Anything that might change the way tenure committees, and thus authors, perceive journal publication has the potential to reverse the fortunes of journal publishers. To my mind, social networking technologies have that potential as do few other other things on the horizon. The reason is that tenure decisions have used journal publication records as objective measures of a candidate's social status within the scientific community. Publication in a prestigious journal has been an important way for scholars to become known, to gain speaking invitations, and to advance ideas. But publications are only part of this process. Knowing the right people, studying with the right professors, schmoozing at conferences, all of these are probably more important to the advancement of new ideas, but they have been very hard to measure in any objective way.

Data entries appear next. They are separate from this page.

lemma nested_cube_chain:
  assumes x: "A1_point x" and h: "0 < h" and xQ: "x \<in> cube a h"
  shows "\<exists>a'. x \<in> cube a' (h / 2 ^ k) \<and>
    wmeas \<mu> (cube a' (h / 2 ^ k)) \<le> decay_ratio ^ k * wmeas \<mu> (cube a h) \<and>
    \<bar>cube_avg b (cube a' (h / 2 ^ k)) - cube_avg b (cube a h)\<bar>
      \<le> 2 ^ DIM('a) * L * C * \<mu> x * wmeas \<mu> (cube a h) powr (\<beta> / DIM('a)) * (\<Sum>i<k. power_decay_ratio ^ i)"
proof (induction k)
  case 0
  then show ?case
    using xQ by auto
next
  case (Suc k)
  let ?p = "\<beta> / DIM('a)" and ?w = "wmeas \<mu> (cube a h)" and ?c = "2 ^ DIM('a) * L * C * \<mu> x"
  define s where "s = h / 2 ^ k"
  have s: "0 < s" "h / 2 ^ Suc k = s / 2"
    using h by (auto simp: s_def)
  obtain a' where a': "x \<in> cube a' s" "wmeas \<mu> (cube a' s) \<le> decay_ratio ^ k * ?w"
    "\<bar>cube_avg b (cube a' s) - cube_avg b (cube a h)\<bar> \<le> ?c * ?w powr ?p * (\<Sum>i<k. power_decay_ratio ^ i)"
    using Suc.IH unfolding s_def by blast
  obtain a'' where a'': "x \<in> cube a'' (s/2)" "wmeas \<mu> (cube a'' (s/2)) \<le> decay_ratio * wmeas \<mu> (cube a' s)"
    "\<bar>cube_avg b (cube a'' (s/2)) - cube_avg b (cube a' s)\<bar> \<le> ?c * wmeas \<mu> (cube a' s) powr ?p"
    using x a'(1) s(1) by (rule half_cube_avg_step)
  have decay: "wmeas \<mu> (cube a'' (s/2)) \<le> decay_ratio ^ Suc k * ?w"
    using a''(2) a'(2) decay_ratio_pos by (auto intro: order_trans mult_left_mono)
  have "wmeas \<mu> (cube a' s) powr ?p \<le> power_decay_ratio ^ k * ?w powr ?p"
    using a'(2) beta_pos wmeas_mu_nonneg
    by (auto simp flip: wmeas_powr_decay intro: powr_mono2)
  then have "?c * wmeas \<mu> (cube a' s) powr ?p \<le> ?c * ?w powr ?p * power_decay_ratio ^ k"
    using one_le_C mu_nonneg[of x] by (simp add: mult_left_mono mult_ac)
  with a'(3) a''(3) have "\<bar>cube_avg b (cube a'' (s/2)) - cube_avg b (cube a h)\<bar>
      \<le> ?c * ?w powr ?p * (\<Sum>i<Suc k. power_decay_ratio ^ i)"
    by (simp add: algebra_simps)
  then show ?case
    unfolding s(2) using a''(1) decay by blast
qed

definition osc_const :: real where
  "osc_const = 2 ^ DIM('a) * C / (1 - power_decay_ratio)"

lemma osc_const_pos: "0 < osc_const"
  using one_le_C power_decay_ratio_less_1 by (simp add: osc_const_def)

lemma frequently_small_cube_avg_le:
  assumes x: "A1_point x" and Q: "Q \<in> cubes" "x \<in> Q"
  shows "\<exists>\<^sub>F s in at_right 0. \<exists>a. x \<in> cube a s \<and>
    \<bar>cube_avg b (cube a s) - cube_avg b Q\<bar> \<le> osc_const * L * \<mu> x * wmeas \<mu> Q powr (\<beta> / DIM('a))"
proof -
  obtain a h where h: "0 < h" and Qe: "Q = cube a h"
    using Q(1) by (rule cubesE)
  let ?c = "2 ^ DIM('a) * L * C * \<mu> x * wmeas \<mu> Q powr (\<beta> / DIM('a))"
  have "?c * (\<Sum>i<k. power_decay_ratio ^ i) \<le> osc_const * L * \<mu> x * wmeas \<mu> Q powr (\<beta> / DIM('a))" for k
  proof -
    have "(\<Sum>i<k. power_decay_ratio ^ i) \<le> 1 / (1 - power_decay_ratio)"
      using power_decay_ratio_pos power_decay_ratio_less_1 by (simp add: sum_gp_strict divide_right_mono)
    then have "?c * (\<Sum>i<k. power_decay_ratio ^ i) \<le> ?c * (1 / (1 - power_decay_ratio))"
      using one_le_C mu_nonneg[of x] by (intro mult_left_mono) auto
    then show ?thesis
      by (simp add: osc_const_def mult_ac)
  qed
  moreover have "\<exists>k. h / 2 ^ k < \<rho>" if "0 < \<rho>" for \<rho>
  proof -
    obtain k where "h / \<rho> < 2 ^ k"
      using real_arch_pow[of 2 "h / \<rho>"] by auto
    then show ?thesis
      using that by (auto simp: divide_less_eq mult.commute)
  qed
  ultimately have "\<exists>s. 0 < s \<and> s < \<rho> \<and> (\<exists>a. x \<in> cube a s \<and>
      \<bar>cube_avg b (cube a s) - cube_avg b Q\<bar> \<le> osc_const * L * \<mu> x * wmeas \<mu> Q powr (\<beta> / DIM('a)))"
    if "0 < \<rho>" for \<rho>
    using nested_cube_chain[OF x h Q(2)[unfolded Qe]] that h unfolding Qe
    by (meson divide_pos_pos order_trans zero_less_numeral zero_less_power)
  then show ?thesis
    by (auto simp: frequently_def eventually_at_right_field)
qed

lemma frequently_centred_cube_avg_le:
  assumes x: "A1_point x" and Q: "Q \<in> cubes" "x \<in> Q" and \<epsilon>: "0 < \<epsilon>"
  shows "\<exists>\<^sub>F s in at_right 0. \<bar>cube_avg b (centred_cube x s) - cube_avg b Q\<bar>
    \<le> osc_const * L * \<mu> x * wmeas \<mu> Q powr (\<beta> / DIM('a)) + \<epsilon>"
proof -
  let ?p = "\<beta> / DIM('a)"
  define c where "c = 2 ^ DIM('a) * L * C * \<mu> x"
  define A where "A = (2 ^ DIM('a) * C * \<mu> x) powr ?p"
  have c: "0 \<le> c"
    using one_le_C mu_nonneg[of x] by (simp add: c_def)
  have "\<forall>\<^sub>F s in at_right 0. 0 < s \<and> c * A * s powr \<beta> < \<epsilon>"
    using beta_pos \<epsilon> by (intro eventually_conj eventually_at_right_powr_less) (auto simp: eventually_at_right_less)
  with frequently_small_cube_avg_le[OF x Q]
  have "\<exists>\<^sub>F s in at_right 0. (0 < s \<and> c * A * s powr \<beta> < \<epsilon>) \<and> (\<exists>a. x \<in> cube a s \<and>
      \<bar>cube_avg b (cube a s) - cube_avg b Q\<bar> \<le> osc_const * L * \<mu> x * wmeas \<mu> Q powr ?p)"
    by (rule frequently_eventually_conj)
  then show ?thesis
  proof (rule frequently_elim1, elim conjE exE)
    fix s a
    assume s: "0 < s" "c * A * s powr \<beta> < \<epsilon>" and xR: "x \<in> cube a s"
      and avg: "\<bar>cube_avg b (cube a s) - cube_avg b Q\<bar> \<le> osc_const * L * \<mu> x * wmeas \<mu> Q powr ?p"
    have "\<bar>cube_avg b (cube a s) - cube_avg b (centred_cube x s)\<bar>
        \<le> measure lebesgue (centred_cube x s) / measure lebesgue (cube a s) * L * C * \<mu> x
          * wmeas \<mu> (centred_cube x s) powr ?p"
      using s xR x
      by (intro cube_avg_diff_le_wmeas centred_cube_in_cubes cube_in_cubes cube_subset_centred_cube
          centre_in_centred_cube)
    also have "\<dots> = c * wmeas \<mu> (centred_cube x s) powr ?p"
      using s(1) by (simp add: c_def measure_centred_cube measure_cube)
    also have "\<dots> \<le> c * (A * s powr \<beta>)"
      unfolding A_def using x s(1) beta_pos c
      by (intro mult_left_mono wmeas_centred_cube_powr_le) auto
    finally show "\<bar>cube_avg b (centred_cube x s) - cube_avg b Q\<bar>
        \<le> osc_const * L * \<mu> x * wmeas \<mu> Q powr ?p + \<epsilon>"
      using avg s(2) by (simp add: mult.assoc)
  qed
qed
lemma separable_quadratic_min:
  assumes q: "\<forall>i<p. q i > 0" and "\<forall>i<p. q i * v i + r i = \<kappa>"
    and "(\<Sum>i<p. u i) = (\<Sum>i<p. v i)"
  shows "cost p q r s v \<le> cost p q r s u"
    and "cost p q r s u = cost p q r s v \<Longrightarrow> \<forall>i<p. u i = v i"
proof -
  have diff: "cost p q r s u - cost p q r s v = (\<Sum>i<p. q i * (u i - v i)\<^sup>2 / 2)"
    using separable_quadratic_diff[OF assms(2,3)] by (simp add: cost_as_sum)
  have nonneg: "\<forall>i\<in>{..<p}. 0 \<le> q i * (u i - v i)\<^sup>2 / 2"
    using q by (simp add: less_imp_le)
  have "0 \<le> (\<Sum>i<p. q i * (u i - v i)\<^sup>2 / 2)"
    using nonneg by (blast intro: sum_nonneg)
  with diff show "cost p q r s v \<le> cost p q r s u" by simp
  assume "cost p q r s u = cost p q r s v"
  with diff have "(\<Sum>i<p. q i * (u i - v i)\<^sup>2 / 2) = 0" by simp
  then have zero: "\<forall>i\<in>{..<p}. q i * (u i - v i)\<^sup>2 / 2 = 0"
    using sum_nonneg_eq_0_iff[of "{..<p}" "\<lambda>i. q i * (u i - v i)\<^sup>2 / 2"] nonneg by blast
  show "\<forall>i<p. u i = v i"
  proof (intro allI impI)
    fix i assume "i < p"
    with zero have "q i * (u i - v i)\<^sup>2 = 0" by simp
    moreover have "q i \<noteq> 0" using q \<open>i < p\<close> by auto
    ultimately show "u i = v i" by simp
  qed
qed
(* Let $x=p/q$ with $\gcd(p,q)=1$, $q\in\mathbb N$, and let $\{y_n\}_{n\in\mathbb N}$ be positive numbers. (1) If $y_n=c/n^2$ for a constant $c>0$, then for any $m\in\mathbb N_q$ and any $\Psi\in C_c^\infty(\mathcal M)$, $$\lim_{\substack{n\to\infty\\ \gcd(n,q)=1}}\delta^{\rm pr}_{n,x,y_n}(\Psi)=\mu_{\frac{1}{cq^2}}(\Psi)\quad\text{and}\quad \lim_{\substack{n\to\infty\\ n\in\mathbb P_m}}\delta_{n,x,y_n}(\Psi)=\nu_{m,\frac{\gcd(m,q)^2}{cq^2}}(\Psi).$$ (2) If $\lim_{n\to\infty}n^2y_n=0$, then both sequences $\{\mathcal R_n(x,y_n)\}_{n\in\mathbb N}$ and $\{\mathcal R_n^{\rm pr}(x,y_n)\}_{n\in\mathbb N}$ fully escape to the cusp of $\mathcal M$, i.e. for every compact $K\subset\mathcal M$, $\mathcal R_n(x,y_n)\cap K=\emptyset$ (and hence $\mathcal R^{\rm pr}_n(x,y_n)\cap K=\emptyset$) for all sufficiently large $n$.
   Context: $\mathcal M=\Gamma\backslash\mathbb H$ with $\Gamma=\mathrm{SL}_2(\mathbb Z)$. For $n\in\mathbb N$, $x\in\mathbb R/\mathbb Z$, $y>0$: $\mathcal R_n(x,y)=\{\Gamma(x+\tfrac jn+iy):0\le j\le n-1\}$, $\mathcal R^{\rm pr}_n(x,y)=\{\Gamma(x+\tfrac jn+iy):j\in(\mathbb Z/n\mathbb Z)^\times\}$; $\delta_{n,x,y}(\Psi)=\frac1n\sum_{j=0}^{n-1}\Psi(\Gamma(x+\tfrac jn+iy))$, $\delta^{\rm pr}_{n,x,y}(\Psi)=\frac1{\varphi(n)}\sum_{j\in(\mathbb Z/n\mathbb Z)^\times}\Psi(\Gamma(x+\tfrac jn+iy))$. $\mathbb N_q=\{n\in\mathbb N:\gcd(n^2,q)\mid n\}$. For $m\in\mathbb N$, $\mathbb P_m=\{n=m\ell:\ \ell\text{ prime},\ \ell\nmid m\}$. For $Y>0$, $\mu_Y$ is the uniform probability measure on the closed horocycle $\{\Gamma(t+iY):t\in\mathbb R/\mathbb Z\}$, i.e. $\mu_Y(\Psi)=\int_0^1\Psi(t+iY)\,dt$, and $\nu_{m,Y}=\frac1m\sum_{d\mid m}\varphi(\tfrac md)\mu_{d^2Y}$. *)

theory Defs
  imports "HOL-Analysis.Analysis" "HOL-Number_Theory.Number_Theory"
begin
lemma arc_vec_reverse_incident:
  assumes "fst a \<in> S \<or> snd a \<in> S \<Longrightarrow> fst a \<in> insert r S \<and> snd a \<in> insert r S" "u \<noteq> r"
  shows "arc_vec (reverse_incident S a) u = (if u \<in> S then - arc_vec a u else arc_vec a u)"
  using assms by (auto simp: reverse_incident_def arc_vec_def)

lemma dir_edge_polytope_image:
  assumes "inj_on g A"
  shows "dir_edge_polytope (g ` A)
    = (\<lambda>c u. \<Sum>a\<in>A. c a * arc_vec (g a) u) ` {c. (\<forall>a\<in>A. 0 \<le> c a) \<and> sum c A = 1}"
proof -
  have reindex: "(\<Sum>b\<in>g ` A. h b) = (\<Sum>a\<in>A. h (g a))" for h :: "nat \<times> nat \<Rightarrow> real"
    using sum.reindex[OF assms] by simp
  show ?thesis
  proof (intro equalityI subsetI)
    fix x assume "x \<in> dir_edge_polytope (g ` A)"
    then obtain c where "\<forall>b\<in>g ` A. 0 \<le> c b" "(\<Sum>b\<in>g ` A. c b) = 1"
      "x = (\<lambda>u. \<Sum>b\<in>g ` A. c b * arc_vec b u)"
      unfolding dir_edge_polytope_def by blast
    then show "x \<in> (\<lambda>c u. \<Sum>a\<in>A. c a * arc_vec (g a) u) ` {c. (\<forall>a\<in>A. 0 \<le> c a) \<and> sum c A = 1}"
      by (intro image_eqI[of _ _ "c \<circ> g"]) (auto simp: reindex)
  next
    fix x assume "x \<in> (\<lambda>c u. \<Sum>a\<in>A. c a * arc_vec (g a) u) ` {c. (\<forall>a\<in>A. 0 \<le> c a) \<and> sum c A = 1}"
    then obtain c where c: "\<forall>a\<in>A. 0 \<le> c a" "sum c A = 1" "x = (\<lambda>u. \<Sum>a\<in>A. c a * arc_vec (g a) u)"
      by blast
    define c' where "c' = c \<circ> inv_into A g"
    have "c' (g a) = c a" if "a \<in> A" for a
      using that assms by (simp add: c'_def)
    with c show "x \<in> dir_edge_polytope (g ` A)"
      unfolding dir_edge_polytope_def by (intro CollectI exI[of _ c']) (simp add: reindex)
  qed
qed

lemma restrict_dir_edge_polytope_reverse_incident:
  assumes "\<And>a. a \<in> A \<Longrightarrow> fst a \<in> S \<or> snd a \<in> S \<Longrightarrow> fst a \<in> insert r S \<and> snd a \<in> insert r S"
    and "r \<notin> W"
  shows "(\<lambda>x. restrict x W) ` dir_edge_polytope (reverse_incident S ` A)
    = reflect_coords W S ` (\<lambda>x. restrict x W) ` dir_edge_polytope A"
proof -
  let ?C = "{c. (\<forall>a\<in>A. 0 \<le> c a) \<and> sum c A = 1}"
  have inj: "inj_on (reverse_incident S) A"
    by (metis inj_onI reverse_incident_reverse_incident)
  have arc_vec: "arc_vec (reverse_incident S a) u = (if u \<in> S then - arc_vec a u else arc_vec a u)"
    if "a \<in> A" "u \<in> W" for a u
  proof (rule arc_vec_reverse_incident)
    show "fst a \<in> insert r S \<and> snd a \<in> insert r S" if "fst a \<in> S \<or> snd a \<in> S"
      using assms(1) \<open>a \<in> A\<close> that by blast
    show "u \<noteq> r" using assms(2) \<open>u \<in> W\<close> by blast
  qed
  have reflect: "restrict (\<lambda>u. \<Sum>a\<in>A. c a * arc_vec (reverse_incident S a) u) W
    = reflect_coords W S (restrict (\<lambda>u. \<Sum>a\<in>A. c a * arc_vec a u) W)" for c
    unfolding reflect_coords_def
    by (rule ext) (simp add: arc_vec sum_negf[symmetric] cong: sum.cong)
  have "(\<lambda>x. restrict x W) ` dir_edge_polytope (reverse_incident S ` A)
    = (\<lambda>c. restrict (\<lambda>u. \<Sum>a\<in>A. c a * arc_vec (reverse_incident S a) u) W) ` ?C"
    by (simp add: dir_edge_polytope_image[OF inj] image_image)
  also have "\<dots> = (\<lambda>c. reflect_coords W S (restrict (\<lambda>u. \<Sum>a\<in>A. c a * arc_vec a u) W)) ` ?C"
    by (simp only: reflect)
  also have "\<dots> = reflect_coords W S ` (\<lambda>x. restrict x W) ` dir_edge_polytope A"
    using dir_edge_polytope_image[of id A] by (simp add: image_image)
  finally show ?thesis .
qed

lemma norm_volume_reverse_incident:
  assumes "finite V"
    and "\<And>a. a \<in> A \<Longrightarrow> fst a \<in> S \<or> snd a \<in> S \<Longrightarrow> fst a \<in> insert (Min V) S \<and> snd a \<in> insert (Min V) S"
  shows "norm_volume V (reverse_incident S ` A) = norm_volume V A"
proof -
  let ?W = "V - {Min V}"
  have "(\<lambda>x. restrict x ?W) ` dir_edge_polytope A \<subseteq> space (PiM ?W (\<lambda>_. lborel))"
    by (auto simp: space_PiM PiE_def)
  moreover have "(\<lambda>x. restrict x ?W) ` dir_edge_polytope (reverse_incident S ` A)
    = reflect_coords ?W S ` (\<lambda>x. restrict x ?W) ` dir_edge_polytope A"
    using restrict_dir_edge_polytope_reverse_incident[OF assms(2), where W = ?W] by simp
  ultimately show ?thesis
    using assms(1) by (simp add: norm_volume_def Let_def measure_PiM_reflect_coords_image)
qed

section \<open>The two digraphs\<close>

definition arcs_G :: "nat \<Rightarrow> (nat \<times> nat) set" where
  "arcs_G i = {(0,1), (1,2), (2,0), (1,0), (3,0)} \<union> {(t + 1, t) | t. 3 \<le> t \<and> t < i}
     \<union> {(0, t) | t. 3 \<le> t \<and> t \<le> i}"

definition arcs_H :: "nat \<Rightarrow> (nat \<times> nat) set" where
  "arcs_H i = {(0,1), (1,2), (2,0), (1,0), (0,3)} \<union> {(t, t + 1) | t. 3 \<le> t \<and> t < i}
     \<union> {(t, 0) | t. 3 \<le> t \<and> t \<le> i}"

lemma digraph_arcs_G: "i \<ge> 3 \<Longrightarrow> digraph {0..i} (arcs_G i)"
  unfolding digraph_def arcs_G_def by auto

lemma digraph_arcs_H: "i \<ge> 3 \<Longrightarrow> digraph {0..i} (arcs_H i)"
  unfolding digraph_def arcs_H_def by auto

Social network technologies open new possibilities for the propagation of new ideas and for the assessment the impact of those ideas. Already, we see people using the number of followers they have on Twitter or the number of recommendations they have on LinkedIn as measures of social status, so it's not much of a stretch to imagine that similar measures could be used to evaluate young academics or to award grants. It's beyond dispute that Twitter is already being widely used to propagate links to interesting technical papers and posts on scientific subjects. If targeted development of social network-based evaluation methodologies were pursued by groups such as the library community who wish to re-inject usage and low-cost access into the tenure equation, the competitive environment for scholarly and scientific publishers could change radically.

Every threat is an opportunity, of course, and it's equally possible that social networking technologies could reinforce the scholarly publishing industry- after all, dung beetle armaments evolve to adapt to changing fashion choices among female dung beetles. A potential weakness- for example, the unwillingness of people to post or retweet links to subscriber-only content, could turn into strengths if publishers develop access models that grant special access for re-tweeted links or an author's Facebook friends. Publishers could also try to ward off challengers in the scholar evaluation game by developing improved and more ostentatious badges of honor- best paper prizes, awards for the most forwarded paper, etc.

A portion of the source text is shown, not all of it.